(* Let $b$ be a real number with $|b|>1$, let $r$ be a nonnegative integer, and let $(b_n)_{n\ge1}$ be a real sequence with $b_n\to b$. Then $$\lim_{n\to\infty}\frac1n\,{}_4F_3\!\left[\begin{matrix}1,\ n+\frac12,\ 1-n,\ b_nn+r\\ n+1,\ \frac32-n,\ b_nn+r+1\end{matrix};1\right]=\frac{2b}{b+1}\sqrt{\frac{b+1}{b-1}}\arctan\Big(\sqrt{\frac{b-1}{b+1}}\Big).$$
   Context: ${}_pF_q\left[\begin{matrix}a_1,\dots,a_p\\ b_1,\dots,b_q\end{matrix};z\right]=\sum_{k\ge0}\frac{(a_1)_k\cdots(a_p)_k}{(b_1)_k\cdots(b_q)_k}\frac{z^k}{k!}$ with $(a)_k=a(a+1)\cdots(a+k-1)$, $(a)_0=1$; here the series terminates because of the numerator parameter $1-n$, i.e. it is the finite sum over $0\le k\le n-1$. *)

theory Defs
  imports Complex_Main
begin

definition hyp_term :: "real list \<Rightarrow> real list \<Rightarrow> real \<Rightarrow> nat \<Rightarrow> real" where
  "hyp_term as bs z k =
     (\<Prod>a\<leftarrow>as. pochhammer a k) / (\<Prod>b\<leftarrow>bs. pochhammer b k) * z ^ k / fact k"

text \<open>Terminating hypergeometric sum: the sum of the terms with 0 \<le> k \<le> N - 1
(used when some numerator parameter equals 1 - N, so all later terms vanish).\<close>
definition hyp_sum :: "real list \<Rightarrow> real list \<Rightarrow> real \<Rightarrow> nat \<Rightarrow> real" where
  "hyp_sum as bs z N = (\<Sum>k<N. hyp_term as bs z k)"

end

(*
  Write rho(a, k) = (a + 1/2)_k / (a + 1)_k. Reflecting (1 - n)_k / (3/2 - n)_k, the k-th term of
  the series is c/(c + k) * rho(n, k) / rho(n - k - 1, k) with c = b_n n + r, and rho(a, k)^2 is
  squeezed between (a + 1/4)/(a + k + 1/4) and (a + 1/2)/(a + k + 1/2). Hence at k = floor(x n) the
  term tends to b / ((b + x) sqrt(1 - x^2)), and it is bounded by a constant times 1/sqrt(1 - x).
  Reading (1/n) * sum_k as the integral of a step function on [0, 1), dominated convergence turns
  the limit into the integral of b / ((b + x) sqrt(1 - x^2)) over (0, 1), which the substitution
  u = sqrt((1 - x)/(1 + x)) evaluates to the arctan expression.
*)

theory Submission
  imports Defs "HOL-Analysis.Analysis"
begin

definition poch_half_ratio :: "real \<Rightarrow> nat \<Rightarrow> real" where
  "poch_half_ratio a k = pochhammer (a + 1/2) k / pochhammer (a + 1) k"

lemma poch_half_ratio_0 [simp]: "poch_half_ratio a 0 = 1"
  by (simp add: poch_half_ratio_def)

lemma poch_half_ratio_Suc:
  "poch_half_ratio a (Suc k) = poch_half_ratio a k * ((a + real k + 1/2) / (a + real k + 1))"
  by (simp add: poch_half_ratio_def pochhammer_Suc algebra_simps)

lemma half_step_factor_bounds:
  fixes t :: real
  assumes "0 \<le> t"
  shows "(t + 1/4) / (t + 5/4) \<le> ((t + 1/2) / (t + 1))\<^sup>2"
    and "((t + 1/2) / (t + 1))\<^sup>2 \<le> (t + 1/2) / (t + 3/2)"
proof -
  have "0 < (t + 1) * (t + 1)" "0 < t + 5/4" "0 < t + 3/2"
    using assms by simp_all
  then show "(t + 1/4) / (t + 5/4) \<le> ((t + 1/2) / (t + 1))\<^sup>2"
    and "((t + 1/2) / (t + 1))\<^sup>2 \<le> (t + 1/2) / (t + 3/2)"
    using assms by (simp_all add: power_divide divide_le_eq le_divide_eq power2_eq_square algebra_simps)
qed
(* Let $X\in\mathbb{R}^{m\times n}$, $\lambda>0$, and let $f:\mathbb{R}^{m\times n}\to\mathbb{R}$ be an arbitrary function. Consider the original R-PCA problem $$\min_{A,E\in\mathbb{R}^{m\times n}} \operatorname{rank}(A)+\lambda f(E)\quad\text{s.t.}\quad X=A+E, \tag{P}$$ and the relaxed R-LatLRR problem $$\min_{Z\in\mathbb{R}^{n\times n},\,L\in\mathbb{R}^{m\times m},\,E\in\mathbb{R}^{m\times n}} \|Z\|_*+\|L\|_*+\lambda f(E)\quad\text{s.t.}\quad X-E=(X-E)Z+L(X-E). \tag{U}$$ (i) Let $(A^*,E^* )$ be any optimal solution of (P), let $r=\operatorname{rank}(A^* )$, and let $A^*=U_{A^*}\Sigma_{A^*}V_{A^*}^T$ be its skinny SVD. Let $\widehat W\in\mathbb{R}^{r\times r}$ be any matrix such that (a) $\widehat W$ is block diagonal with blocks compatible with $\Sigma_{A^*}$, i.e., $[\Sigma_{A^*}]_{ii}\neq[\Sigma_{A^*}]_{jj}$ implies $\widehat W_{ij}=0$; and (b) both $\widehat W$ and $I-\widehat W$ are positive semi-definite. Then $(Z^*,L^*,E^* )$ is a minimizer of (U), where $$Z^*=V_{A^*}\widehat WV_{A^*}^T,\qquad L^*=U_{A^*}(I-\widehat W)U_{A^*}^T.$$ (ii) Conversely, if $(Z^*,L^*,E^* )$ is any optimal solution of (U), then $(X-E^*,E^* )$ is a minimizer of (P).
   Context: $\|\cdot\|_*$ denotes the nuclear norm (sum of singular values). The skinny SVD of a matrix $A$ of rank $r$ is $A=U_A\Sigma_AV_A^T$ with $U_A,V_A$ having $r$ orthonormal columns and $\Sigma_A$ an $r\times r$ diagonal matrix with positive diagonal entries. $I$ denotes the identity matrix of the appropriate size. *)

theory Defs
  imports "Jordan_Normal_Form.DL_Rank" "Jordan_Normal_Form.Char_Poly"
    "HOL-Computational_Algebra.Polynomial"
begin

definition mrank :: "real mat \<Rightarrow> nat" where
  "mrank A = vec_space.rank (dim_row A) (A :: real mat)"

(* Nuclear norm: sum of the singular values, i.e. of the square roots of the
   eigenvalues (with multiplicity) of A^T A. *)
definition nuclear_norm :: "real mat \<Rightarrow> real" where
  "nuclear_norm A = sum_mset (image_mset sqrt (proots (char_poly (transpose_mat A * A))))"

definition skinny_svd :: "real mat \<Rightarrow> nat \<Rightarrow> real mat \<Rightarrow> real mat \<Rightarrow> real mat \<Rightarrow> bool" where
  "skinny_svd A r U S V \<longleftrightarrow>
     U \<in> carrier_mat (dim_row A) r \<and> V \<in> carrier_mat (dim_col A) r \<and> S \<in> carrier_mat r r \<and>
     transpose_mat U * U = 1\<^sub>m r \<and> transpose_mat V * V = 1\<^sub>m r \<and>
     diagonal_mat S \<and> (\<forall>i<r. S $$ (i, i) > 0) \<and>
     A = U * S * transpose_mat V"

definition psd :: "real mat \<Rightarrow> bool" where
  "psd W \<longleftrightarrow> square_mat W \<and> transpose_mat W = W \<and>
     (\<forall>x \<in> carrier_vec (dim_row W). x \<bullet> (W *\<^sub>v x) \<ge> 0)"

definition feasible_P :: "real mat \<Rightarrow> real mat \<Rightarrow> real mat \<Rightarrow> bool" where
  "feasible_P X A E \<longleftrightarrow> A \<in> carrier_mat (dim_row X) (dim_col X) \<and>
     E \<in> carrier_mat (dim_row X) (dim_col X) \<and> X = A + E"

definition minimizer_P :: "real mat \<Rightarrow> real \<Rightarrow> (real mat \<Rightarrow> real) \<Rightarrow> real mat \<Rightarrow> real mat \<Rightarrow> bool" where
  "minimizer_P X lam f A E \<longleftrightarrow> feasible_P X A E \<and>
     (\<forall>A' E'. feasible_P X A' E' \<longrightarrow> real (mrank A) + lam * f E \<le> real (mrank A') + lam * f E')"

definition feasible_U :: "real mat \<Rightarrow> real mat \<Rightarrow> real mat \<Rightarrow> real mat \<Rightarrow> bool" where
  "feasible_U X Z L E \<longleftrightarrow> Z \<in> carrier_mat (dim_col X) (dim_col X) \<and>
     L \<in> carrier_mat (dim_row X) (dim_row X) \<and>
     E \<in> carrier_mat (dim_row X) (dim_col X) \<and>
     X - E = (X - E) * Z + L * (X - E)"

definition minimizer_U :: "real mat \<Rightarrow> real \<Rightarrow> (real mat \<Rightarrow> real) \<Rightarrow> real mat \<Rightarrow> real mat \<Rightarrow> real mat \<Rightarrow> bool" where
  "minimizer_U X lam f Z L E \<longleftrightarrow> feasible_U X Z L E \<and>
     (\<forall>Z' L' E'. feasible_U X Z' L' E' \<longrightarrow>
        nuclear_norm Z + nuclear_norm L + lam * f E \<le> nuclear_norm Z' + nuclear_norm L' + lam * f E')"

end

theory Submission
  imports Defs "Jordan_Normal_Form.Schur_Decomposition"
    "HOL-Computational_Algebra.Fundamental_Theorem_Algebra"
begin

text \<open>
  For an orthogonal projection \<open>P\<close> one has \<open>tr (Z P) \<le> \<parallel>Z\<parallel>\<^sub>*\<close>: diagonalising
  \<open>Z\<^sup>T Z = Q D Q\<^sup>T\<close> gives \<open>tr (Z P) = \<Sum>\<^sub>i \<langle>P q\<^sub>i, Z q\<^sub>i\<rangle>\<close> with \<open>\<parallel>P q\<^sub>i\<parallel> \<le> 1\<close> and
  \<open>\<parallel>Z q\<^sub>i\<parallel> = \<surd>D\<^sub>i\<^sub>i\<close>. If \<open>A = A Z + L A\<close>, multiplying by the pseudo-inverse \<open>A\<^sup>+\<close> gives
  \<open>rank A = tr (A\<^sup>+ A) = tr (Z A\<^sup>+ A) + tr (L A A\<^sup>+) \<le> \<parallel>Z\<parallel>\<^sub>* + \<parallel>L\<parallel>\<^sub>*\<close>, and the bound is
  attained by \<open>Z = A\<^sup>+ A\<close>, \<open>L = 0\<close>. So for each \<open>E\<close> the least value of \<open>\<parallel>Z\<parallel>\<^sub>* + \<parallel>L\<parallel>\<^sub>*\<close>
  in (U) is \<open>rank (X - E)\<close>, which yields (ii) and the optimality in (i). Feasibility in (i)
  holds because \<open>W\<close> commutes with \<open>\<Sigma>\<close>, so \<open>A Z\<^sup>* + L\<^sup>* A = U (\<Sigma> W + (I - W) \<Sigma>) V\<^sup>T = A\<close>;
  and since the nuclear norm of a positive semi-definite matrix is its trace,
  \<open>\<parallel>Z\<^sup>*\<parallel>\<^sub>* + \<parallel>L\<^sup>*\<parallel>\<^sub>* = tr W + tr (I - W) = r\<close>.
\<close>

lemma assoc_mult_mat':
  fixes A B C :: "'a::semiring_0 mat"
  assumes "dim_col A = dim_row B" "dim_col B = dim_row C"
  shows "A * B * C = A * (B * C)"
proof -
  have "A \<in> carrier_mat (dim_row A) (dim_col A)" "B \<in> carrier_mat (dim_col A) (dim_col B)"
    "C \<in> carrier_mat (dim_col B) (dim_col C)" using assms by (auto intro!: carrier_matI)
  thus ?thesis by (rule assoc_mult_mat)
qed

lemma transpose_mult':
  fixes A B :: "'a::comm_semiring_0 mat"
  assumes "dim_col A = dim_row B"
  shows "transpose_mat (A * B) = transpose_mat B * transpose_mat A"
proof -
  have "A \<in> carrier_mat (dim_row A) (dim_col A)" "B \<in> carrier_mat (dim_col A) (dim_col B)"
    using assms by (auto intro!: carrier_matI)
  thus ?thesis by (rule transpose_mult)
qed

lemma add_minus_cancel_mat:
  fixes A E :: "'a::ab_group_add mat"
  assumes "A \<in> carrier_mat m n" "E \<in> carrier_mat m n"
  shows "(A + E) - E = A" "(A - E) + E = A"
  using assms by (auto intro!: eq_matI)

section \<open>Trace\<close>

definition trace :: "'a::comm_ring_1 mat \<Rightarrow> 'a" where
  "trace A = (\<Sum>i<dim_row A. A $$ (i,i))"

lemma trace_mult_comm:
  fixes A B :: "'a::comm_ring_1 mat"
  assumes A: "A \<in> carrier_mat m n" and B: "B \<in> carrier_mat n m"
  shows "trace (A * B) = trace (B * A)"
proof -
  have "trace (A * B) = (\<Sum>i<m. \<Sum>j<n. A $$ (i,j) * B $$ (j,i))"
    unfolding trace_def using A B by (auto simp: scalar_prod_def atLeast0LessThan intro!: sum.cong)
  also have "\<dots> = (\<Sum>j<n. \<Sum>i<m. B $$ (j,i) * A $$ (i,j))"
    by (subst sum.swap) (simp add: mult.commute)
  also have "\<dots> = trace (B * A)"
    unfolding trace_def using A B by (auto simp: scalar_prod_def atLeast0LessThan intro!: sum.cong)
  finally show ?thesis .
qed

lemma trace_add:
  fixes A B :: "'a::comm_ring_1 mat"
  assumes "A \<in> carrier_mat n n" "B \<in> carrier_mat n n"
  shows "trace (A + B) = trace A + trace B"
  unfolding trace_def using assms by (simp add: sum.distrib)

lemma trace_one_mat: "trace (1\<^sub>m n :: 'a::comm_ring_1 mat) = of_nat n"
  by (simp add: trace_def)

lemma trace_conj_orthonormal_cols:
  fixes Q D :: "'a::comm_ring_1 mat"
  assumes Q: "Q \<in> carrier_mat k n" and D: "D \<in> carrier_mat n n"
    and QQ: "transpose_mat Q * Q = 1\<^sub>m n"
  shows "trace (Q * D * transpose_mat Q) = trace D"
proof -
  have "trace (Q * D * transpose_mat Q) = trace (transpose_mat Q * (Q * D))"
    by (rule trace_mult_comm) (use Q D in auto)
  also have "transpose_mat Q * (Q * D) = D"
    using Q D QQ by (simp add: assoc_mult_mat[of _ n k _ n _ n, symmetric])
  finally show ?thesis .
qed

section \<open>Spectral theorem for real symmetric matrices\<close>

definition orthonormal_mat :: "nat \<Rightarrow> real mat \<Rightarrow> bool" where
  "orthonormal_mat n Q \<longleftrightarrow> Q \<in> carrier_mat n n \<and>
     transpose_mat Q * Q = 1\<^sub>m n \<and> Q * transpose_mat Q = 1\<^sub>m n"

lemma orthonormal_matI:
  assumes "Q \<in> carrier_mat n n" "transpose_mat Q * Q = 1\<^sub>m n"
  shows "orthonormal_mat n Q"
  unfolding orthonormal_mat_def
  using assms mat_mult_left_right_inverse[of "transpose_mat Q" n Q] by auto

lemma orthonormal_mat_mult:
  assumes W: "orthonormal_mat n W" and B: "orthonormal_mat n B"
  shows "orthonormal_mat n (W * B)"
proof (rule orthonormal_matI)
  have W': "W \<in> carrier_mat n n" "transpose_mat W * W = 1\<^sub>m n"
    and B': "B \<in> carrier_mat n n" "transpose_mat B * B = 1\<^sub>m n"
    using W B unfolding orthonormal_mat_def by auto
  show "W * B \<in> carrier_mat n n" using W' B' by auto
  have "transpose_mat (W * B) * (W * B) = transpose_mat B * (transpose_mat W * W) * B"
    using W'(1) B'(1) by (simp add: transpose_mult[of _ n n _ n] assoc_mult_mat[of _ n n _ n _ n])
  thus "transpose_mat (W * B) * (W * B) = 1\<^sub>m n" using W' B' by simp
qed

_The task:_
For each line above that contains the word "symmetric", give the line as it is written.

_Written solution:_
    using Q D QQ by (simp add: assoc_mult_mat[of _ n k _ n _ n, symmetric])
section \<open>Spectral theorem for real symmetric matrices\<close>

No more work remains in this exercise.